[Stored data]
»»

lemma steep_pair_of_far_pair:
  assumes "g \<in> Lip0_ball z" "h \<in> Lip0_ball z" "2 - \<delta> < lip_norm (\<lambda>x. g x - h x)" "\<delta> \<le> 2"
  shows "\<exists>u v. u \<noteq> v \<and> (1 - \<delta>) * dist u v < g u - g v \<and> (1 - \<delta>) * dist u v < h v - h u"
proof -
  obtain u v where uv: "(2 - \<delta>) * dist u v < (g u - h u) - (g v - h v)"
    using lip_norm_less_imp_steep[OF assms(3)] assms(4) by auto
  then have "u \<noteq> v" by auto
  moreover have "g u - g v \<le> dist u v" "h v - h u \<le> dist u v"
    using Lip0_ball_diff_le[OF assms(1), of u v] Lip0_ball_diff_le[OF assms(2), of v u]
    by (simp_all add: dist_commute)
  ultimately show ?thesis using uv by (intro exI[of _ u] exI[of _ v]) (auto simp: algebra_simps)
qed

lemma near_steep_pair_bound:
  assumes "g \<in> Lip0_ball z" "c * dist u v < g u - g v" "\<bar>g x - f x\<bar> < \<eta>" "\<bar>g y - f y\<bar> < \<eta>"
  shows "f y - f x + c * dist u v - 2 * \<eta> < dist x u + dist y v"
  using Lip0_ball_diff_le[OF assms(1), of u x] Lip0_ball_diff_le[OF assms(1), of y v] assms(2-)
  by (simp add: dist_commute abs_less_iff)

text \<open>In the application \<open>F, D, R, d\<close> are \<open>\<bar>f x - f y\<bar>\<close>, \<open>d(u, v)\<close>, \<open>d(x, u) + d(y, v)\<close>
  and \<open>d(x, y)\<close>, and \<open>m\<close> is the minimal separation of \<open>N\<close>.\<close>

lemma slack_absorption:
  fixes F D R d m \<epsilon> :: real
  assumes "0 \<le> \<epsilon>" "0 \<le> F" "0 \<le> D" "F \<le> d" "m \<le> d" "d - D \<le> R"
    and slack: "F + (1 - \<epsilon>/2) * D - \<epsilon> * m / 4 < R"
  shows "(1 - \<epsilon>) * (F + D) \<le> R"
proof (cases "m \<le> 2 * F + 2 * D")
  case True
  have "\<epsilon> * m \<le> \<epsilon> * (2 * F + 2 * D)" using mult_left_mono[OF True assms(1)] .
  moreover have "0 \<le> \<epsilon> * F" using assms(1,2) by simp
  ultimately show ?thesis using slack by (simp add: algebra_simps)
next
  case False
  then have "F + D \<le> R" using assms by linarith
  moreover have "0 \<le> \<epsilon> * (F + D)" using assms(1-3) by simp
  ultimately show ?thesis by (simp add: algebra_simps)
qed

««

__Problem statement__
Using only the data above, copy out the lines that include the word "shows".

__Answer area__
  shows "\<exists>u v. u \<noteq> v \<and> (1 - \<delta>) * dist u v < g u - g v \<and> (1 - \<delta>) * dist u v < h v - h u"
  shows "f y - f x + c * dist u v - 2 * \<eta> < dist x u + dist y v"
  shows "(1 - \<epsilon>) * (F + D) \<le> R"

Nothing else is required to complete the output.